*** Opening Data records ***

definition cpe :: "(real \<Rightarrow> real) \<Rightarrow> real \<Rightarrow> real" where
  "cpe f t = - integral {0..t} (\<lambda>x. plogp (f x / f t))"

lemma cdcpe1_eq_cpe: "cdcpe1 F t1 t2 = cpe (\<lambda>x. F x t2) t1"
  by (simp add: cdcpe1_def cpe_def)

lemma cdcpe2_eq_cpe: "cdcpe2 F t1 t2 = cpe (F t1) t2"
  by (simp add: cdcpe2_def cpe_def)

lemma cpe_le_of_vanishing_below:
  assumes f: "mono f" "\<And>x. 0 \<le> f x" "0 < f t"
    and m: "0 \<le> m" "m \<le> t" "\<And>x. x < m \<Longrightarrow> f x = 0"
  shows "cpe f t \<le> t - m"
proof -
  let ?h = "\<lambda>x. plogp (f x / f t)"
  have int: "?h integrable_on {a..b}" for a b
    using f by (intro integrable_on_plogp_mono) auto
  have "integral {0..m} ?h = integral {0..m} (\<lambda>_. 0)"
    by (rule integral_spike[of "{m}"]) (auto simp: m(3) plogp_def)
  moreover have "integral {m..t} (\<lambda>_. -1) \<le> integral {m..t} ?h"
    using f by (intro integral_le int) (auto intro!: plogp_ge_minus_one)
  moreover have "integral {0..t} ?h = integral {0..m} ?h + integral {m..t} ?h"
    using m int by (simp add: Henstock_Kurzweil_Integration.integral_combine)
  ultimately show ?thesis using m by (simp add: cpe_def)
qed

lemma cpe_ge_of_ratio_bounds:
  assumes g: "mono g" "\<And>x. 0 \<le> g x" "0 < g t"
    and ab: "0 \<le> \<alpha>" "\<alpha> \<le> \<beta>" "\<beta> \<le> t"
    and q: "0 < q" "\<And>x. x \<in> {\<alpha>..\<beta>} \<Longrightarrow> q \<le> g x / g t \<and> g x / g t \<le> 1/2"
  shows "(\<beta> - \<alpha>) * q * ln 2 \<le> cpe g t"
proof -
  let ?h = "\<lambda>x. plogp (g x / g t)"
  have int: "?h integrable_on {a..b}" for a b
    using g by (intro integrable_on_plogp_mono) auto
  have nonpos: "?h x \<le> 0" if "x \<le> t" for x
    using g that by (intro plogp_nonpos) (auto simp: mono_def)
  have "integral {0..\<alpha>} ?h \<le> integral {0..\<alpha>} (\<lambda>_. 0)"
    using ab by (intro integral_le int nonpos) auto
  moreover have "integral {\<beta>..t} ?h \<le> integral {\<beta>..t} (\<lambda>_. 0)"
    by (intro integral_le int nonpos) auto
  moreover have "integral {\<alpha>..\<beta>} ?h \<le> integral {\<alpha>..\<beta>} (\<lambda>_. - q * ln 2)"
    using q by (intro integral_le int plogp_le_neg) auto
  moreover have "integral {0..\<alpha>} ?h + integral {\<alpha>..t} ?h = integral {0..t} ?h"
    using ab by (intro Henstock_Kurzweil_Integration.integral_combine int) auto
  moreover have "integral {\<alpha>..\<beta>} ?h + integral {\<beta>..t} ?h = integral {\<alpha>..t} ?h"
    using ab by (intro Henstock_Kurzweil_Integration.integral_combine int) auto
  ultimately show ?thesis using ab by (simp add: cpe_def algebra_simps)
qed

lemma cpe_affine:
  assumes f: "mono f" "\<And>x. 0 \<le> f x" "\<And>x. x < 0 \<Longrightarrow> f x = 0"
    and "0 < a" "0 \<le> c" "c \<le> t"
  shows "cpe (\<lambda>x. f ((x - c) / a)) t = a * cpe f ((t - c) / a)"
proof -
  define s where "s = (t - c) / a"
  define h where "h = (\<lambda>u. plogp (f u / f s))"
  have "0 \<le> s" "- c / a \<le> 0" using assms by (simp_all add: s_def)
  have "h integrable_on {-c/a..s}"
    unfolding h_def using f by (intro integrable_on_plogp_mono) auto
  then have "(h has_integral integral {-c/a..s} h) (cbox (-c/a) s)"
    by (simp add: integrable_integral)
  from has_integral_affinity'[OF this \<open>0 < a\<close>[THEN positive_imp_inverse_positive], of "-c/a"]
  have "((\<lambda>x. h (x / a - c / a)) has_integral a * integral {-c/a..s} h) {0..t}"
    using assms by (simp add: s_def field_simps)
  then have "integral {0..t} (\<lambda>x. h ((x - c) / a)) = a * integral {-c/a..s} h"
    by (simp add: integral_unique diff_divide_distrib)
  moreover have "integral {-c/a..0} h + integral {0..s} h = integral {-c/a..s} h"
    using \<open>- c / a \<le> 0\<close> \<open>0 \<le> s\<close> \<open>h integrable_on {-c/a..s}\<close>
    by (rule Henstock_Kurzweil_Integration.integral_combine)
  moreover have "integral {-c/a..0} h = integral {-c/a..0} (\<lambda>_. 0)"
    by (rule integral_spike[of "{0}"]) (auto simp: h_def f(3) plogp_def)
  ultimately have "integral {0..t} (\<lambda>x. h ((x - c) / a)) = a * integral {0..s} h"
    by simp
  then show ?thesis by (simp add: cpe_def h_def s_def)
qed

lemma mono_support_start:
  fixes f :: "real \<Rightarrow> real"
  assumes "mono f" "\<And>x. 0 \<le> f x" "f w = 0" "0 < f T"
  obtains m where "w \<le> m" "\<And>x. x < m \<Longrightarrow> f x = 0" "\<And>x. m < x \<Longrightarrow> 0 < f x"
proof
  let ?S = "{x. 0 < f x}"
  have lower: "w \<le> x" if "x \<in> ?S" for x
    using that assms monoD[OF \<open>mono f\<close>, of x w] by force
  then have "bdd_below ?S" by (auto simp: bdd_below_def)
  have "T \<in> ?S" using assms by simp
  then show "w \<le> Inf ?S" using lower by (intro cInf_greatest) auto
  show "f x = 0" if "x < Inf ?S" for x
    using that cInf_lower[OF _ \<open>bdd_below ?S\<close>, of x] assms(2)[of x] by force
  show "0 < f x" if "Inf ?S < x" for x
  proof -
    obtain y where "0 < f y" "y < x"
      using cInf_less_iff[OF _ \<open>bdd_below ?S\<close>] \<open>T \<in> ?S\<close> \<open>Inf ?S < x\<close> by auto
    then show ?thesis using monoD[OF \<open>mono f\<close>, of y x] by simp
  qed
qed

*** Closing Data records ***

Work order
Retype exactly, and only, the lines from the line holding "using assms by (simp add: s_def" through the last line of the data; both of those lines count.

Result below
    using assms by (simp add: s_def field_simps)
  then have "integral {0..t} (\<lambda>x. h ((x - c) / a)) = a * integral {-c/a..s} h"
    by (simp add: integral_unique diff_divide_distrib)
  moreover have "integral {-c/a..0} h + integral {0..s} h = integral {-c/a..s} h"
    using \<open>- c / a \<le> 0\<close> \<open>0 \<le> s\<close> \<open>h integrable_on {-c/a..s}\<close>
    by (rule Henstock_Kurzweil_Integration.integral_combine)
  moreover have "integral {-c/a..0} h = integral {-c/a..0} (\<lambda>_. 0)"
    by (rule integral_spike[of "{0}"]) (auto simp: h_def f(3) plogp_def)
  ultimately have "integral {0..t} (\<lambda>x. h ((x - c) / a)) = a * integral {0..s} h"
    by simp
  then show ?thesis by (simp add: cpe_def h_def s_def)
qed

lemma mono_support_start:
  fixes f :: "real \<Rightarrow> real"
  assumes "mono f" "\<And>x. 0 \<le> f x" "f w = 0" "0 < f T"
  obtains m where "w \<le> m" "\<And>x. x < m \<Longrightarrow> f x = 0" "\<And>x. m < x \<Longrightarrow> 0 < f x"
proof
  let ?S = "{x. 0 < f x}"
  have lower: "w \<le> x" if "x \<in> ?S" for x
    using that assms monoD[OF \<open>mono f\<close>, of x w] by force
  then have "bdd_below ?S" by (auto simp: bdd_below_def)
  have "T \<in> ?S" using assms by simp
  then show "w \<le> Inf ?S" using lower by (intro cInf_greatest) auto
  show "f x = 0" if "x < Inf ?S" for x
    using that cInf_lower[OF _ \<open>bdd_below ?S\<close>, of x] assms(2)[of x] by force
  show "0 < f x" if "Inf ?S < x" for x
  proof -
    obtain y where "0 < f y" "y < x"
      using cInf_less_iff[OF _ \<open>bdd_below ?S\<close>] \<open>T \<in> ?S\<close> \<open>Inf ?S < x\<close> by auto
    then show ?thesis using monoD[OF \<open>mono f\<close>, of y x] by simp
  qed
qed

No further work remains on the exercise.